I feel like strategy number 2 has promise in terms of efficiency, but it is quite vague in its current form and I am having trouble working out concrete steps of how to make it work.

Any advice? I wonder if any of this work I am putting into making the construction be more complex is actually not gaining me any efficiency and that just the naive filtering (as described in 1) may be sufficient.

Answer 1

I believe I have a set of concrete steps that solves the problem using strategy number 2.

I have made the simple assumption that the input is now a list of the matched_pairs of length n i.e. the pairs whose 2nd coordinate match.

The strategy is to construct the set of all n length combinations of the pairs, doing so by:

1. Generate all binary strings S of length n
2. for s in S, and for integer i in s, make set I by including matched_pairs[i][0] if s[i]==0 and matched_pairs[i][1] if s[i]==1

Then take the power set of the resulting sets knowing none can contain 2 matched pairs, and all permutations of the other pairs are accounted for:

3. Take a power set of each set in I, concatenating into the results
4. Sort and remove duplicates from the results and return

Here are the implementation details:

Step 1&2: The following code returns sets of length n= matched_pairs.len() and 2^n of them. It is every combination using one of each pair. Not happy how I ended up using strings, I believe there is a prettier way to do it with bit manipulation, bit I could not produce such code.

fn one_of_each(matched_pairs:Vec<Vec<(usize,usize)>>) -> Vec<Vec<(usize,usize)>> {
    let n = matched_pairs.len();
    let m = 2_i32.pow(n as u32);
    let mut S = vec![];
    for x in 0..m {
        S.push(format!("{:0n$b}", x));
    }
    let mut result = vec![];
    for s in S {
        let mut I = vec![];
        for (i,c) in s.chars().enumerate() {
            if c == '0' {
                I.push(matched_pairs[i][0]);
            } else {
                I.push(matched_pairs[i][1]);
            }
        }
        result.push(I);
    }
    result
}

Step 3&4: The following code does the rest of the work.
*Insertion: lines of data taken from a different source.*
(* Let $X$ be an $n$-valued group and let $S$ and $S'$ be finite generating sets of $X$. Let $y,y'\in X$. Denote by $B(x,r)$ and $B'(x,r)$ the balls of radius $r$ centred at $x$ with respect to $S$ and $S'$ respectively. Then there is a constant $C>0$ such that for all $r\ge 1$ $$|B(y,C^{-1}r)|\le |B'(y',r)|\le |B(y,Cr)|.$$
   Context: For a set $X$, $\operatorname{Sym}^n X=X^n/S_n$ is the set of $n$-multi-sets (unordered $n$-tuples with multiplicities) of elements of $X$. An $n$-valued multiplication on $X$ is a map $X\times X\to \operatorname{Sym}^nX$, $(x,y)\mapsto x*y=[(x*y)_1,\dots,(x*y)_n]$; it is extended to multi-sets by multiplying elementwise and collecting all results with multiplicity. An $n$-valued group is a set $X$ with such a multiplication satisfying: (associativity) the $n^2$-multi-sets $[x*(y*z)_1,\dots,x*(y*z)_n]$ and $[(x*y)_1*z,\dots,(x*y)_n*z]$ coincide for all $x,y,z$; (unit) there is $e\in X$ with $e*x=x*e=[x,\dots,x]$ for all $x$; (inverse) there is a map $\operatorname{inv}:X\to X$ with $e\in \operatorname{inv}(x)*x$ and $e\in x*\operatorname{inv}(x)$ for all $x$. For a multi-set $M$, $\operatorname{Set}(M)$ denotes the set of distinct elements of $M$. A subset $S\subseteq X$ generates $X$ if every element of $X$ lies in $\operatorname{Set}(s_1*\dots*s_m)$ for some $s_i\in S$. The ball of radius $r\ge0$ centred at $x\in X$ with respect to $S$ is $B(x,r)=\{y\in X:\exists m\in\mathbb{Z}_{\ge0},\ m\le r,\ \exists s_{i_1},\dots,s_{i_m}\in S,\ y\in \operatorname{Set}(x*s_{i_1}*\dots*s_{i_m})\}$ (for $m=0$ this gives $x$ itself). *)

theory Defs
  imports Complex_Main "HOL-Library.Multiset"
begin

definition mmul :: "('a \<Rightarrow> 'a \<Rightarrow> 'a multiset) \<Rightarrow> 'a multiset \<Rightarrow> 'a multiset \<Rightarrow> 'a multiset" where
  "mmul m M N = sum_mset (image_mset (\<lambda>x. sum_mset (image_mset (\<lambda>y. m x y) N)) M)"

definition nvalued_group :: "nat \<Rightarrow> ('a \<Rightarrow> 'a \<Rightarrow> 'a multiset) \<Rightarrow> bool" where
  "nvalued_group n m \<longleftrightarrow>
     (\<forall>x y. size (m x y) = n) \<and>
     (\<forall>x y z. mmul m {#x#} (m y z) = mmul m (m x y) {#z#}) \<and>
     (\<exists>e. (\<forall>x. m e x = replicate_mset n x \<and> m x e = replicate_mset n x) \<and>
          (\<exists>inv. \<forall>x. e \<in># m (inv x) x \<and> e \<in># m x (inv x)))"

fun mprod :: "('a \<Rightarrow> 'a \<Rightarrow> 'a multiset) \<Rightarrow> 'a multiset \<Rightarrow> 'a list \<Rightarrow> 'a multiset" where
  "mprod m M [] = M"
| "mprod m M (s # ss) = mprod m (mmul m M {#s#}) ss"

definition generates :: "('a \<Rightarrow> 'a \<Rightarrow> 'a multiset) \<Rightarrow> 'a set \<Rightarrow> bool" where
  "generates m S \<longleftrightarrow>
     (\<forall>x. \<exists>s ss. set (s # ss) \<subseteq> S \<and> x \<in># mprod m {#s#} ss)"

definition ball_nv :: "('a \<Rightarrow> 'a \<Rightarrow> 'a multiset) \<Rightarrow> 'a set \<Rightarrow> 'a \<Rightarrow> real \<Rightarrow> 'a set" where
  "ball_nv m S x r = {y. \<exists>ss. real (length ss) \<le> r \<and> set ss \<subseteq> S \<and> y \<in># mprod m {#x#} ss}"

end

theory Submission
  imports Defs
begin

text \<open>Each element z is reached by a word w over S, and associativity turns this into
  a * z \<subseteq> a * w for every a; so every word over S' can be replaced by a word over S at
  most L times longer. Unit and inverse give y' \<in> y * z for some z, which shifts the
  centre at the cost of an additive constant d. Hence B'(y', R) \<subseteq> B(y, L R + d) and
  symmetrically; for r \<ge> 1 the additive constant is absorbed into the multiplicative one,
  and balls of radius below 1 are just their centres.\<close>

lemma mmul_empty_left [simp]: "mmul m {#} N = {#}"
  by (simp add: mmul_def)

lemma mmul_empty_right [simp]: "mmul m M {#} = {#}"
  by (simp add: mmul_def)

lemma mmul_single [simp]: "mmul m {#x#} {#y#} = m x y"
  by (simp add: mmul_def)

lemma mmul_add_left: "mmul m (M + M') N = mmul m M N + mmul m M' N"
  by (simp add: mmul_def)

lemma set_mset_mmul:
  "set_mset (mmul m M N) = (\<Union>x\<in>set_mset M. \<Union>y\<in>set_mset N. set_mset (m x y))"
  by (simp add: mmul_def)

lemma mmul_assoc:
  assumes "\<And>x y z. mmul m {#x#} (m y z) = mmul m (m x y) {#z#}"
  shows "mmul m M (mmul m N P) = mmul m (mmul m M N) P"
proof (induction M)
  case (add x M)
  have "mmul m {#x#} (mmul m N P) = mmul m (mmul m {#x#} N) P"
  proof (induction N)
    case (add y N)
    have "mmul m {#x#} (mmul m {#y#} P) = mmul m (m x y) P"
    proof (induction P)
      case (add z P)
      then show ?case
        using assms[of x y z] by (simp add: mmul_def sum_mset.distrib)
    qed simp
    with add.IH show ?case
      by (simp add: mmul_def sum_mset.distrib)
  qed simp
  with add.IH show ?case
    by (simp add: mmul_def sum_mset.distrib)
qed simp

lemma mprod_append: "mprod m M (ss @ ts) = mprod m (mprod m M ss) ts"
  by (induction ss arbitrary: M) auto

lemma mprod_empty [simp]: "mprod m {#} ss = {#}"
  by (induction ss) auto

lemma mprod_add: "mprod m (M + M') ss = mprod m M ss + mprod m M' ss"
  by (induction ss arbitrary: M M') (auto simp: mmul_add_left)

lemma mprod_add_mset: "mprod m (add_mset x M) ss = mprod m {#x#} ss + mprod m M ss"
  by (metis add_mset_add_single mprod_add union_commute)

lemma set_mset_mprod:
  "set_mset (mprod m M ss) = (\<Union>a\<in>set_mset M. set_mset (mprod m {#a#} ss))"
proof (induction M)
  case (add x M)
  then show ?case
    by (subst mprod_add_mset) simp
qed simp

lemma set_mset_mprod_mono:
  "set_mset M \<subseteq> set_mset M' \<Longrightarrow> set_mset (mprod m M ss) \<subseteq> set_mset (mprod m M' ss)"
  by (subst (1 2) set_mset_mprod) blast

lemma mmul_mprod:
  assumes "\<And>x y z. mmul m {#x#} (m y z) = mmul m (m x y) {#z#}"
  shows "mmul m M (mprod m N ss) = mprod m (mmul m M N) ss"
  by (induction ss arbitrary: N) (auto simp: mmul_assoc[OF assms])

lemma set_mset_mprod_subset_concat_map:
  assumes "\<And>s a. s \<in> set ws \<Longrightarrow> set_mset (m a s) \<subseteq> set_mset (mprod m {#a#} (f s))"
  shows "set_mset (mprod m M ws) \<subseteq> set_mset (mprod m M (concat (map f ws)))"
  using assms
proof (induction ws arbitrary: M)
  case (Cons s ws)
  have "set_mset (mmul m M {#s#}) \<subseteq> set_mset (mprod m M (f s))"
    using Cons.prems[of s] by (subst set_mset_mprod) (auto simp: set_mset_mmul)
  have "set_mset (mprod m M (s # ws)) = set_mset (mprod m (mmul m M {#s#}) ws)"
    by simp
  also have "\<dots> \<subseteq> set_mset (mprod m (mmul m M {#s#}) (concat (map f ws)))"
    using Cons by simp
  also have "\<dots> \<subseteq> set_mset (mprod m (mprod m M (f s)) (concat (map f ws)))"
    by (rule set_mset_mprod_mono) fact
  also have "\<dots> = set_mset (mprod m M (concat (map f (s # ws))))"
    by (simp add: mprod_append)
  finally show ?case .
qed simp

lemma nvalued_group_assoc:
  "nvalued_group n m \<Longrightarrow> mmul m {#x#} (m y z) = mmul m (m x y) {#z#}"
  unfolding nvalued_group_def by blast

lemma nvalued_group_pos: "nvalued_group n m \<Longrightarrow> 0 < n"
  unfolding nvalued_group_def by (metis empty_iff set_mset_empty size_eq_0_iff_empty gr0I)

lemma nvalued_group_right_divisible:
  assumes "nvalued_group n m"
  obtains z where "y' \<in># m y z"
proof -
  obtain e inv where unit: "\<And>x. m e x = replicate_mset n x"
    and inv: "e \<in># m y (inv y)"
    using assms unfolding nvalued_group_def by blast
  have "y' \<in># m e y'"
    using unit nvalued_group_pos[OF assms] by simp
  also have "set_mset (m e y') \<subseteq> set_mset (mmul m (m y (inv y)) {#y'#})"
    using inv by (auto simp: set_mset_mmul)
  also have "mmul m (m y (inv y)) {#y'#} = mmul m {#y#} (m (inv y) y')"
    using nvalued_group_assoc[OF assms] by simp
  finally show ?thesis
    using that by (auto simp: set_mset_mmul)
qed

lemma generates_dominating_word:
  assumes "nvalued_group n m" and "generates m S"
  shows "\<exists>w. set w \<subseteq> S \<and> (\<forall>a. set_mset (m a z) \<subseteq> set_mset (mprod m {#a#} w))"
proof -
  obtain s ss where word: "set (s # ss) \<subseteq> S" and z: "z \<in># mprod m {#s#} ss"
    using assms(2) unfolding generates_def by blast
  have "mprod m {#a#} (s # ss) = mmul m {#a#} (mprod m {#s#} ss)" for a
    by (simp add: mmul_mprod[OF nvalued_group_assoc[OF assms(1)]])
  then have "set_mset (m a z) \<subseteq> set_mset (mprod m {#a#} (s # ss))" for a
    using z by (auto simp: set_mset_mmul)
  with word show ?thesis
    by blast
qed

lemma ball_nv_subset_change_generators:
  assumes "\<And>s. s \<in> S' \<Longrightarrow> set (f s) \<subseteq> S \<and> length (f s) \<le> L"
    and "\<And>s a. s \<in> S' \<Longrightarrow> set_mset (m a s) \<subseteq> set_mset (mprod m {#a#} (f s))"
  shows "ball_nv m S' x R \<subseteq> ball_nv m S x (real L * R)"
proof
  fix x' assume "x' \<in> ball_nv m S' x R"
  then obtain ws where len: "real (length ws) \<le> R" and ws: "set ws \<subseteq> S'"
    and x': "x' \<in># mprod m {#x#} ws"
    unfolding ball_nv_def by blast
  have "length (concat (map f ws)) \<le> L * length ws"
    using ws assms(1) by (induction ws) (simp_all add: add_mono)
  then have "real (length (concat (map f ws))) \<le> real L * real (length ws)"
    by (metis of_nat_le_iff of_nat_mult)
  also have "\<dots> \<le> real L * R"
    using len by (simp add: mult_left_mono)
  finally have "real (length (concat (map f ws))) \<le> real L * R" .
  moreover have "set (concat (map f ws)) \<subseteq> S"
    using ws assms(1) by auto
  moreover have "x' \<in># mprod m {#x#} (concat (map f ws))"
    using set_mset_mprod_subset_concat_map[of ws m f "{#x#}"] ws assms(2) x' by blast
  ultimately show "x' \<in> ball_nv m S x (real L * R)"
    unfolding ball_nv_def by blast
qed

lemma ball_nv_subset_change_centre:
  assumes "y' \<in># mprod m {#y#} u" and "set u \<subseteq> S"
  shows "ball_nv m S y' R \<subseteq> ball_nv m S y (R + real (length u))"
proof
  fix x assume "x \<in> ball_nv m S y' R"
  then obtain ws where "real (length ws) \<le> R" "set ws \<subseteq> S" "x \<in># mprod m {#y'#} ws"
    unfolding ball_nv_def by blast
  moreover have "set_mset (mprod m {#y'#} ws) \<subseteq> set_mset (mprod m {#y#} (u @ ws))"
    using set_mset_mprod_mono[of "{#y'#}" "mprod m {#y#} u" m ws] assms(1)
    by (simp add: mprod_append)
  ultimately show "x \<in> ball_nv m S y (R + real (length u))"
    using assms(2) unfolding ball_nv_def
    by (intro CollectI exI[of _ "u @ ws"]) auto
qed

lemma ball_nv_subset_affine:
  assumes "nvalued_group n m" and "finite S'" and "generates m S"
  obtains L d :: nat where "\<And>R. ball_nv m S' y' R \<subseteq> ball_nv m S y (real L * R + real d)"
proof -
  obtain f where f: "\<And>z. set (f z) \<subseteq> S"
    and dom: "\<And>z a. set_mset (m a z) \<subseteq> set_mset (mprod m {#a#} (f z))"
    using generates_dominating_word[OF assms(1,3)] by metis
  obtain L where L: "\<And>s. s \<in> S' \<Longrightarrow> length (f s) \<le> L"
    using finite_nat_set_iff_bounded_le[of "(\<lambda>s. length (f s)) ` S'"] assms(2) by auto
  obtain z where "y' \<in># m y z"
    using nvalued_group_right_divisible[OF assms(1)] .
  then have "y' \<in># mprod m {#y#} (f z)"
    using dom by fastforce
  then have "ball_nv m S y' R' \<subseteq> ball_nv m S y (R' + real (length (f z)))" for R'
    using f by (rule ball_nv_subset_change_centre)
  moreover have "ball_nv m S' y' R \<subseteq> ball_nv m S y' (real L * R)" for R
    using f L dom by (intro ball_nv_subset_change_generators) blast+
  ultimately show ?thesis
    using that by blast
qed

lemma finite_ball_nv: "finite S \<Longrightarrow> finite (ball_nv m S x r)"
proof -
  assume "finite S"
  then have "finite {ss. set ss \<subseteq> S \<and> length ss \<le> nat \<lfloor>r\<rfloor>}"
    by (rule finite_lists_length_le)
  moreover have "ball_nv m S x r
      \<subseteq> (\<Union>ss\<in>{ss. set ss \<subseteq> S \<and> length ss \<le> nat \<lfloor>r\<rfloor>}. set_mset (mprod m {#x#} ss))"
    unfolding ball_nv_def by (auto simp: le_nat_floor)
  ultimately show ?thesis
    by (meson finite_UN_I finite_set_mset finite_subset)
qed

lemma ball_nv_mono: "r \<le> r' \<Longrightarrow> ball_nv m S x r \<subseteq> ball_nv m S x r'"
  unfolding ball_nv_def by (auto intro: order_trans)

lemma centre_in_ball_nv: "0 \<le> r \<Longrightarrow> x \<in> ball_nv m S x r"
  unfolding ball_nv_def by (auto intro!: exI[of _ "[]"])

lemma ball_nv_subset_singleton:
  assumes "r < 1"
  shows "ball_nv m S x r \<subseteq> {x}"
proof
  fix z assume "z \<in> ball_nv m S x r"
  then obtain ss where "real (length ss) \<le> r" and z: "z \<in># mprod m {#x#} ss"
    unfolding ball_nv_def by blast
  with assms have "real (length ss) < 1"
    by linarith
  then have "ss = []"
    by simp
  with z show "z \<in> {x}"
    by simp
qed

lemma card_ball_nv_le_dilated:
  assumes "finite S'"
    and incl: "\<And>R. ball_nv m S x R \<subseteq> ball_nv m S' x' (real L * R + real d)"
    and "real L + real d \<le> C" and "1 \<le> r"
  shows "card (ball_nv m S x r) \<le> card (ball_nv m S' x' (C * r))"
proof -
  have "real L * r + real d \<le> (real L + real d) * r"
    using assms(4) mult_left_mono[of 1 r "real d"] by (simp add: distrib_right)
  also have "\<dots> \<le> C * r"
    using assms(3,4) by (intro mult_right_mono) auto
  finally have "ball_nv m S' x' (real L * r + real d) \<subseteq> ball_nv m S' x' (C * r)"
    by (rule ball_nv_mono)
  with incl[of r] have "ball_nv m S x r \<subseteq> ball_nv m S' x' (C * r)"
    by (rule subset_trans)
  then show ?thesis
    by (rule card_mono[OF finite_ball_nv[OF assms(1)]])
qed

lemma card_ball_nv_contracted_le:
  assumes "finite S'"
    and "\<And>R. ball_nv m S x R \<subseteq> ball_nv m S' x' (real L * R + real d)"
    and "real L + real d \<le> C" and "0 < C" and "1 \<le> r"
  shows "card (ball_nv m S x (r / C)) \<le> card (ball_nv m S' x' r)"
proof (cases "1 \<le> r / C")
  case True
  then show ?thesis
    using card_ball_nv_le_dilated[OF assms(1-3) True] assms(4) by simp
next
  case False
  then have "ball_nv m S x (r / C) \<subseteq> {x}"
    by (intro ball_nv_subset_singleton) simp
  then have "card (ball_nv m S x (r / C)) \<le> card {x}"
    by (intro card_mono) auto
  also have "\<dots> \<le> card (ball_nv m S' x' r)"
  proof -
    have "x' \<in> ball_nv m S' x' r"
      using assms(5) by (intro centre_in_ball_nv) simp
    then have "0 < card (ball_nv m S' x' r)"
      using finite_ball_nv[OF assms(1)] card_gt_0_iff by blast
    then show ?thesis
      by simp
  qed
  finally show ?thesis .
qed

theorem mainTheorem1:
  fixes n :: nat and m :: "'a \<Rightarrow> 'a \<Rightarrow> 'a multiset"
    and S S' :: "'a set" and y y' :: 'a
  assumes "nvalued_group n m"
    and "finite S" and "generates m S"
    and "finite S'" and "generates m S'"
  shows "\<exists>C::real. C > 0 \<and> (\<forall>r::real. r \<ge> 1 \<longrightarrow>
           card (ball_nv m S y (r / C)) \<le> card (ball_nv m S' y' r) \<and>
           card (ball_nv m S' y' r) \<le> card (ball_nv m S y (C * r)))"
proof -
  obtain L d :: nat where S'_in_S: "\<And>R. ball_nv m S' y' R \<subseteq> ball_nv m S y (real L * R + real d)"
    using ball_nv_subset_affine[OF assms(1,4,3), of y' y] by blast
  obtain L' d' :: nat where S_in_S': "\<And>R. ball_nv m S y R \<subseteq> ball_nv m S' y' (real L' * R + real d')"
    using ball_nv_subset_affine[OF assms(1,2,5), of y y'] by blast
  define C where "C = real L + real d + real L' + real d' + 1"
  have C: "0 < C" "real L + real d \<le> C" "real L' + real d' \<le> C"
    unfolding C_def by simp_all
  have "card (ball_nv m S y (r / C)) \<le> card (ball_nv m S' y' r)"
    and "card (ball_nv m S' y' r) \<le> card (ball_nv m S y (C * r))" if "1 \<le> r" for r
    using card_ball_nv_contracted_le[OF assms(4) S_in_S' C(3,1) that]
      card_ball_nv_le_dilated[OF assms(2) S'_in_S C(2) that] .
  with C(1) show ?thesis
    by auto
qed

end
I believe it's possible to do this without making duplicates and then using dedup() but I couldn't produce such code. I believe it would involve stepping through matched_pairs and push onto duplicating lists, though I found accumulating such lists while keep them separate enough to not get duplicates or overwrite difficult.

fn find_f_set(s: Vec<Vec<(usize,usize)>>) -> Vec<Vec<(usize,usize)>> {
    //assume that s is a set of pairs
    let mut results = vec![];
    for set in one_of_each(s) {
        let powerset = powerset(set);
        for subset in powerset {
            results.push(subset);
        } 
    }
    results.sort();
    results.dedup();
    results
}

Here is the code in a working playground.

So this result works, and it produces less duplication than the naive method. That said, very open to improvements, especially one that does not produce duplicates.